Data extracts: Begin
lemma lp_mass_le_mass_p:
  assumes p: "p = ereal P"
  shows "(\<Sum>i<k. mass d m (v i) powr P) powr (1 / P) \<le> mass_p d m k p v"
proof -
  define M where "M i = mass d m (v i)" for i
  define N where "N = (\<Sum>i<k. M i powr P) powr (1 / P)"
  have M: "0 \<le> M i" for i
    by (simp add: M_def mass_nonneg[OF m_pos])
  consider "P = 1" | "1 < P" "N = 0" | "1 < P" "0 < N"
    using p p_ge_1 by (fastforce simp: N_def)
  then have "N \<le> mass_p d m k p v"
  proof cases
    case 1
    with p have "p = 1"
      by (simp add: one_ereal_def)
    then show ?thesis
      using weighted_sum_mass_le_mass_p[of "\<lambda>_. 1" v] 1 M k_pos
      by (simp add: N_def M_def image_constant_conv lessThan_empty_iff sum_nonneg)
  next
    case 2
    then show ?thesis
      using mass_le_mass_p[of 0 v] mass_nonneg[OF m_pos] k_pos by (metis order_trans less_le_trans zero_less_one)
  next
    case 3
    define a where "a i = (M i / N) powr (P - 1)" for i
    have "lnorm k (conj_exp p) a = 1"
      using hoelder_extremal_vector(1)[OF \<open>1 < P\<close> M N_def \<open>0 < N\<close>] p \<open>1 < P\<close>
      by (simp add: a_def conj_exp_ereal)
    moreover have "0 \<le> a i" for i
      by (simp add: a_def)
    ultimately have "(\<Sum>i<k. a i * M i) \<le> mass_p d m k p v"
      unfolding M_def by (intro weighted_sum_mass_le_mass_p) auto
    then show ?thesis
      using hoelder_extremal_vector(2)[OF \<open>1 < P\<close> M N_def \<open>0 < N\<close>] by (simp add: a_def)
  qed
  then show ?thesis
    by (simp add: N_def M_def)
qed

end

theorem lemmaA6:
  fixes d m k :: nat and p q :: ereal
    and w v :: "nat \<Rightarrow> nat set \<Rightarrow> real"
  assumes "1 \<le> k" and "1 \<le> m" and "m \<le> d"
    and "1 \<le> p" and "1 \<le> q" and "1 / p + 1 / q = 1"
  shows "(1 < p \<longrightarrow>
            Max ((\<lambda>i. comass d m (w i)) ` {..<k}) \<le> comass_p d m k p w \<and>
            comass_p d m k p w \<le>
              (\<Sum>i<k. comass d m (w i) powr real_of_ereal q) powr (1 / real_of_ereal q))
       \<and> comass_p d m k 1 w = Max ((\<lambda>i. comass d m (w i)) ` {..<k})
       \<and> (p < \<infinity> \<longrightarrow>
            (\<Sum>i<k. enorm d m (v i) powr real_of_ereal p) powr (1 / real_of_ereal p)
              \<le> (\<Sum>i<k. mass d m (v i) powr real_of_ereal p) powr (1 / real_of_ereal p) \<and>
            (\<Sum>i<k. mass d m (v i) powr real_of_ereal p) powr (1 / real_of_ereal p)
              \<le> mass_p d m k p v \<and>
            mass_p d m k p v \<le> (\<Sum>i<k. mass d m (v i)))
       \<and> (Max ((\<lambda>i. enorm d m (v i)) ` {..<k}) \<le> Max ((\<lambda>i. mass d m (v i)) ` {..<k}) \<and>
          Max ((\<lambda>i. mass d m (v i)) ` {..<k}) \<le> mass_p d m k \<infinity> v \<and>
          mass_p d m k \<infinity> v \<le> (\<Sum>i<k. mass d m (v i)))"
proof -
  note k_pos = assms(1) and m_pos = assms(2) and p_ge_1 = assms(4)
  have q: "q = conj_exp p"
    using conj_exp_unique[OF assms(4-6)] .
  have index_set: "finite {..<k}" "{..<k} \<noteq> {}"
    using k_pos by (auto simp: lessThan_empty_iff)
  have abs_comass [simp]: "\<bar>comass d m (w i)\<bar> = comass d m (w i)" for i
    using comass_nonneg[OF m_pos] by simp
  have Max_comass: "Max ((\<lambda>i. comass d m (w i)) ` {..<k}) \<le> comass_p d m k p' w" if "1 \<le> p'" for p'
    using index_set comass_le_comass_p[OF m_pos k_pos that] by (auto intro: Max.boundedI)
  have "comass_p d m k p w \<le> (\<Sum>i<k. comass d m (w i) powr real_of_ereal q) powr (1 / real_of_ereal q)"
    if "1 < p"
    using comass_p_le_lnorm_comass[OF m_pos k_pos p_ge_1, where d = d and w = w] conj_exp_finite[OF that]
    by (simp add: lnorm_def q)
  moreover have "comass_p d m k 1 w = Max ((\<lambda>i. comass d m (w i)) ` {..<k})"
    using comass_p_le_lnorm_comass[OF m_pos k_pos order_refl, where d = d and w = w] Max_comass[of 1] by simp
  moreover have "(\<Sum>i<k. enorm d m (v i) powr P) powr (1 / P) \<le> (\<Sum>i<k. mass d m (v i) powr P) powr (1 / P)"
    if "p = ereal P" for P
    using that p_ge_1 enorm_le_mass[OF m_pos] enorm_nonneg
    by (intro powr_mono2 sum_mono sum_nonneg) auto
  moreover have "Max ((\<lambda>i. enorm d m (v i)) ` {..<k}) \<le> Max ((\<lambda>i. mass d m (v i)) ` {..<k})"
    using index_set enorm_le_mass[OF m_pos] by (rule Max_image_mono)
  moreover have "Max ((\<lambda>i. mass d m (v i)) ` {..<k}) \<le> mass_p d m k \<infinity> v"
    using index_set mass_le_mass_p[OF m_pos k_pos, where d = d and p = \<infinity>] by (auto intro: Max.boundedI)
  ultimately show ?thesis
    using Max_comass[OF p_ge_1] lp_mass_le_mass_p[OF m_pos k_pos p_ge_1]
      mass_p_le_sum_mass[OF m_pos k_pos] p_ge_1
    by (cases p) auto
qed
Data extracts: End
Set down each line of the data precisely as it appears above.

Solution:
lemma lp_mass_le_mass_p:
  assumes p: "p = ereal P"
  shows "(\<Sum>i<k. mass d m (v i) powr P) powr (1 / P) \<le> mass_p d m k p v"
proof -
  define M where "M i = mass d m (v i)" for i
  define N where "N = (\<Sum>i<k. M i powr P) powr (1 / P)"
  have M: "0 \<le> M i" for i
    by (simp add: M_def mass_nonneg[OF m_pos])
  consider "P = 1" | "1 < P" "N = 0" | "1 < P" "0 < N"
    using p p_ge_1 by (fastforce simp: N_def)
  then have "N \<le> mass_p d m k p v"
  proof cases
    case 1
    with p have "p = 1"
      by (simp add: one_ereal_def)
    then show ?thesis
      using weighted_sum_mass_le_mass_p[of "\<lambda>_. 1" v] 1 M k_pos
      by (simp add: N_def M_def image_constant_conv lessThan_empty_iff sum_nonneg)
  next
    case 2
    then show ?thesis
      using mass_le_mass_p[of 0 v] mass_nonneg[OF m_pos] k_pos by (metis order_trans less_le_trans zero_less_one)
  next
    case 3
    define a where "a i = (M i / N) powr (P - 1)" for i
    have "lnorm k (conj_exp p) a = 1"
      using hoelder_extremal_vector(1)[OF \<open>1 < P\<close> M N_def \<open>0 < N\<close>] p \<open>1 < P\<close>
      by (simp add: a_def conj_exp_ereal)
    moreover have "0 \<le> a i" for i
      by (simp add: a_def)
    ultimately have "(\<Sum>i<k. a i * M i) \<le> mass_p d m k p v"
      unfolding M_def by (intro weighted_sum_mass_le_mass_p) auto
    then show ?thesis
      using hoelder_extremal_vector(2)[OF \<open>1 < P\<close> M N_def \<open>0 < N\<close>] by (simp add: a_def)
  qed
  then show ?thesis
    by (simp add: N_def M_def)
qed

end

theorem lemmaA6:
  fixes d m k :: nat and p q :: ereal
    and w v :: "nat \<Rightarrow> nat set \<Rightarrow> real"
  assumes "1 \<le> k" and "1 \<le> m" and "m \<le> d"
    and "1 \<le> p" and "1 \<le> q" and "1 / p + 1 / q = 1"
  shows "(1 < p \<longrightarrow>
            Max ((\<lambda>i. comass d m (w i)) ` {..<k}) \<le> comass_p d m k p w \<and>
            comass_p d m k p w \<le>
              (\<Sum>i<k. comass d m (w i) powr real_of_ereal q) powr (1 / real_of_ereal q))
       \<and> comass_p d m k 1 w = Max ((\<lambda>i. comass d m (w i)) ` {..<k})
       \<and> (p < \<infinity> \<longrightarrow>
            (\<Sum>i<k. enorm d m (v i) powr real_of_ereal p) powr (1 / real_of_ereal p)
              \<le> (\<Sum>i<k. mass d m (v i) powr real_of_ereal p) powr (1 / real_of_ereal p) \<and>
            (\<Sum>i<k. mass d m (v i) powr real_of_ereal p) powr (1 / real_of_ereal p)
              \<le> mass_p d m k p v \<and>
            mass_p d m k p v \<le> (\<Sum>i<k. mass d m (v i)))
       \<and> (Max ((\<lambda>i. enorm d m (v i)) ` {..<k}) \<le> Max ((\<lambda>i. mass d m (v i)) ` {..<k}) \<and>
          Max ((\<lambda>i. mass d m (v i)) ` {..<k}) \<le> mass_p d m k \<infinity> v \<and>
          mass_p d m k \<infinity> v \<le> (\<Sum>i<k. mass d m (v i)))"
proof -
  note k_pos = assms(1) and m_pos = assms(2) and p_ge_1 = assms(4)
  have q: "q = conj_exp p"
    using conj_exp_unique[OF assms(4-6)] .
  have index_set: "finite {..<k}" "{..<k} \<noteq> {}"
    using k_pos by (auto simp: lessThan_empty_iff)
  have abs_comass [simp]: "\<bar>comass d m (w i)\<bar> = comass d m (w i)" for i
    using comass_nonneg[OF m_pos] by simp
  have Max_comass: "Max ((\<lambda>i. comass d m (w i)) ` {..<k}) \<le> comass_p d m k p' w" if "1 \<le> p'" for p'
    using index_set comass_le_comass_p[OF m_pos k_pos that] by (auto intro: Max.boundedI)
  have "comass_p d m k p w \<le> (\<Sum>i<k. comass d m (w i) powr real_of_ereal q) powr (1 / real_of_ereal q)"
    if "1 < p"
    using comass_p_le_lnorm_comass[OF m_pos k_pos p_ge_1, where d = d and w = w] conj_exp_finite[OF that]
    by (simp add: lnorm_def q)
  moreover have "comass_p d m k 1 w = Max ((\<lambda>i. comass d m (w i)) ` {..<k})"
    using comass_p_le_lnorm_comass[OF m_pos k_pos order_refl, where d = d and w = w] Max_comass[of 1] by simp
  moreover have "(\<Sum>i<k. enorm d m (v i) powr P) powr (1 / P) \<le> (\<Sum>i<k. mass d m (v i) powr P) powr (1 / P)"
    if "p = ereal P" for P
    using that p_ge_1 enorm_le_mass[OF m_pos] enorm_nonneg
    by (intro powr_mono2 sum_mono sum_nonneg) auto
  moreover have "Max ((\<lambda>i. enorm d m (v i)) ` {..<k}) \<le> Max ((\<lambda>i. mass d m (v i)) ` {..<k})"
    using index_set enorm_le_mass[OF m_pos] by (rule Max_image_mono)
  moreover have "Max ((\<lambda>i. mass d m (v i)) ` {..<k}) \<le> mass_p d m k \<infinity> v"
    using index_set mass_le_mass_p[OF m_pos k_pos, where d = d and p = \<infinity>] by (auto intro: Max.boundedI)
  ultimately show ?thesis
    using Max_comass[OF p_ge_1] lp_mass_le_mass_p[OF m_pos k_pos p_ge_1]
      mass_p_le_sum_mass[OF m_pos k_pos] p_ge_1
    by (cases p) auto
qed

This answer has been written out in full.